*** ENTRIES PROVIDED ***
text \<open>The free module F_n = R^(b n), as vectors nat => R supported below b n.
  The differential d_n : F_n -> F_(n-1) (n >= 1) is the (b(n-1)) x (b n) matrix d n;
  d_0 = 0.\<close>

definition free_mod :: "(nat \<Rightarrow> nat) \<Rightarrow> nat \<Rightarrow> (nat \<Rightarrow> 'a::comm_ring_1) set" where
  "free_mod b n = {x. \<forall>j\<ge>b n. x j = 0}"

definition diff :: "(nat \<Rightarrow> nat) \<Rightarrow> (nat \<Rightarrow> nat \<Rightarrow> nat \<Rightarrow> 'a::comm_ring_1) \<Rightarrow> nat
                     \<Rightarrow> (nat \<Rightarrow> 'a) \<Rightarrow> (nat \<Rightarrow> 'a)" where
  "diff b d n x = (\<lambda>i. if n = 0 \<or> i \<ge> b (n - 1) then 0 else (\<Sum>j<b n. d n i j * x j))"

definition in_pow_mod :: "'a::comm_ring_1 set \<Rightarrow> nat \<Rightarrow> (nat \<Rightarrow> 'a) \<Rightarrow> bool" where
  "in_pow_mod m p x \<longleftrightarrow> (\<forall>j. x j \<in> ideal_pow m p)"

text \<open>The augmentation
  F_0 -> k is given as x |-> (eps x mod m) for an R-linear eps : F_0 -> R
  (any R-linear map from a free module to k lifts this way).\<close>
definition minimal_free_resolution_of_residue_field ::
  "'a::comm_ring_1 set \<Rightarrow> (nat \<Rightarrow> nat) \<Rightarrow> (nat \<Rightarrow> nat \<Rightarrow> nat \<Rightarrow> 'a) \<Rightarrow> ((nat \<Rightarrow> 'a) \<Rightarrow> 'a) \<Rightarrow> bool"
where
  "minimal_free_resolution_of_residue_field m b d eps \<longleftrightarrow>
     \<comment> \<open>minimality: all matrix entries of each differential lie in m\<close>
     (\<forall>n\<ge>1. \<forall>i<b (n - 1). \<forall>j<b n. d n i j \<in> m) \<and>
     \<comment> \<open>exactness at F_n, n >= 1 (includes d o d = 0)\<close>
     (\<forall>n\<ge>1. {x \<in> free_mod b n. diff b d n x = (\<lambda>_. 0)} = diff b d (Suc n) ` free_mod b (Suc n)) \<and>
     \<comment> \<open>augmentation eps : F_0 -> R is R-linear\<close>
     (\<forall>x\<in>free_mod b 0. \<forall>y\<in>free_mod b 0. eps (\<lambda>j. x j + y j) = eps x + eps y) \<and>
     (\<forall>r. \<forall>x\<in>free_mod b 0. eps (\<lambda>j. r * x j) = r * eps x) \<and>
     \<comment> \<open>F_0 -> k is surjective\<close>
     (\<exists>x\<in>free_mod b 0. eps x \<notin> m) \<and>
     \<comment> \<open>its kernel is the image of d_1\<close>
     {x \<in> free_mod b 0. eps x \<in> m} = diff b d 1 ` free_mod b 1"

text \<open>The piece of lin_n(F) coming from m^p F_n / m^(p+1) F_n (p >= 0).
  The class of z in m^p F_n is a cycle iff d z lies in m^(p+2) F_(n-1);
  it is a boundary iff z - d y lies in m^(p+1) F_n for some y in m^(p-1) F_(n+1)
  (m^j = R for j <= 0).  Each H_n(lin) is a graded R^g-module, generated by classes
  of homogeneous cycles, and m^* is generated (as a set of sums) by homogeneous
  elements, i.e. classes of a in m^i, i >= 1.  The class of a in m^i/m^(i+1) acts
  on the class of z in m^p F_n/m^(p+1) F_n giving the class of a z in
  m^(p+i) F_n/m^(p+i+1) F_n.\<close>

definition lin_cycle :: "'a::comm_ring_1 set \<Rightarrow> (nat \<Rightarrow> nat) \<Rightarrow> (nat \<Rightarrow> nat \<Rightarrow> nat \<Rightarrow> 'a)
                          \<Rightarrow> nat \<Rightarrow> nat \<Rightarrow> (nat \<Rightarrow> 'a) \<Rightarrow> bool" where
  "lin_cycle m b d n p z \<longleftrightarrow> z \<in> free_mod b n \<and> in_pow_mod m p z \<and>
      in_pow_mod m (p + 2) (diff b d n z)"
*** End of ENTRIES PROVIDED ***
• [WORK INSTRUCTION]
Repeat every entry exactly, leaving nothing out.

• [RESULT OF THIS TASK]
text \<open>The free module F_n = R^(b n), as vectors nat => R supported below b n.
  The differential d_n : F_n -> F_(n-1) (n >= 1) is the (b(n-1)) x (b n) matrix d n;
  d_0 = 0.\<close>

definition free_mod :: "(nat \<Rightarrow> nat) \<Rightarrow> nat \<Rightarrow> (nat \<Rightarrow> 'a::comm_ring_1) set" where
  "free_mod b n = {x. \<forall>j\<ge>b n. x j = 0}"

definition diff :: "(nat \<Rightarrow> nat) \<Rightarrow> (nat \<Rightarrow> nat \<Rightarrow> nat \<Rightarrow> 'a::comm_ring_1) \<Rightarrow> nat
                     \<Rightarrow> (nat \<Rightarrow> 'a) \<Rightarrow> (nat \<Rightarrow> 'a)" where
  "diff b d n x = (\<lambda>i. if n = 0 \<or> i \<ge> b (n - 1) then 0 else (\<Sum>j<b n. d n i j * x j))"

definition in_pow_mod :: "'a::comm_ring_1 set \<Rightarrow> nat \<Rightarrow> (nat \<Rightarrow> 'a) \<Rightarrow> bool" where
  "in_pow_mod m p x \<longleftrightarrow> (\<forall>j. x j \<in> ideal_pow m p)"

text \<open>The augmentation
  F_0 -> k is given as x |-> (eps x mod m) for an R-linear eps : F_0 -> R
  (any R-linear map from a free module to k lifts this way).\<close>
definition minimal_free_resolution_of_residue_field ::
  "'a::comm_ring_1 set \<Rightarrow> (nat \<Rightarrow> nat) \<Rightarrow> (nat \<Rightarrow> nat \<Rightarrow> nat \<Rightarrow> 'a) \<Rightarrow> ((nat \<Rightarrow> 'a) \<Rightarrow> 'a) \<Rightarrow> bool"
where
  "minimal_free_resolution_of_residue_field m b d eps \<longleftrightarrow>
     \<comment> \<open>minimality: all matrix entries of each differential lie in m\<close>
     (\<forall>n\<ge>1. \<forall>i<b (n - 1). \<forall>j<b n. d n i j \<in> m) \<and>
     \<comment> \<open>exactness at F_n, n >= 1 (includes d o d = 0)\<close>
     (\<forall>n\<ge>1. {x \<in> free_mod b n. diff b d n x = (\<lambda>_. 0)} = diff b d (Suc n) ` free_mod b (Suc n)) \<and>
     \<comment> \<open>augmentation eps : F_0 -> R is R-linear\<close>
     (\<forall>x\<in>free_mod b 0. \<forall>y\<in>free_mod b 0. eps (\<lambda>j. x j + y j) = eps x + eps y) \<and>
     (\<forall>r. \<forall>x\<in>free_mod b 0. eps (\<lambda>j. r * x j) = r * eps x) \<and>
     \<comment> \<open>F_0 -> k is surjective\<close>
     (\<exists>x\<in>free_mod b 0. eps x \<notin> m) \<and>
     \<comment> \<open>its kernel is the image of d_1\<close>
     {x \<in> free_mod b 0. eps x \<in> m} = diff b d 1 ` free_mod b 1"

text \<open>The piece of lin_n(F) coming from m^p F_n / m^(p+1) F_n (p >= 0).
  The class of z in m^p F_n is a cycle iff d z lies in m^(p+2) F_(n-1);
  it is a boundary iff z - d y lies in m^(p+1) F_n for some y in m^(p-1) F_(n+1)
  (m^j = R for j <= 0).  Each H_n(lin) is a graded R^g-module, generated by classes
  of homogeneous cycles, and m^* is generated (as a set of sums) by homogeneous
  elements, i.e. classes of a in m^i, i >= 1.  The class of a in m^i/m^(i+1) acts
  on the class of z in m^p F_n/m^(p+1) F_n giving the class of a z in
  m^(p+i) F_n/m^(p+i+1) F_n.\<close>

definition lin_cycle :: "'a::comm_ring_1 set \<Rightarrow> (nat \<Rightarrow> nat) \<Rightarrow> (nat \<Rightarrow> nat \<Rightarrow> nat \<Rightarrow> 'a)
                          \<Rightarrow> nat \<Rightarrow> nat \<Rightarrow> (nat \<Rightarrow> 'a) \<Rightarrow> bool" where
  "lin_cycle m b d n p z \<longleftrightarrow> z \<in> free_mod b n \<and> in_pow_mod m p z \<and>
      in_pow_mod m (p + 2) (diff b d n z)"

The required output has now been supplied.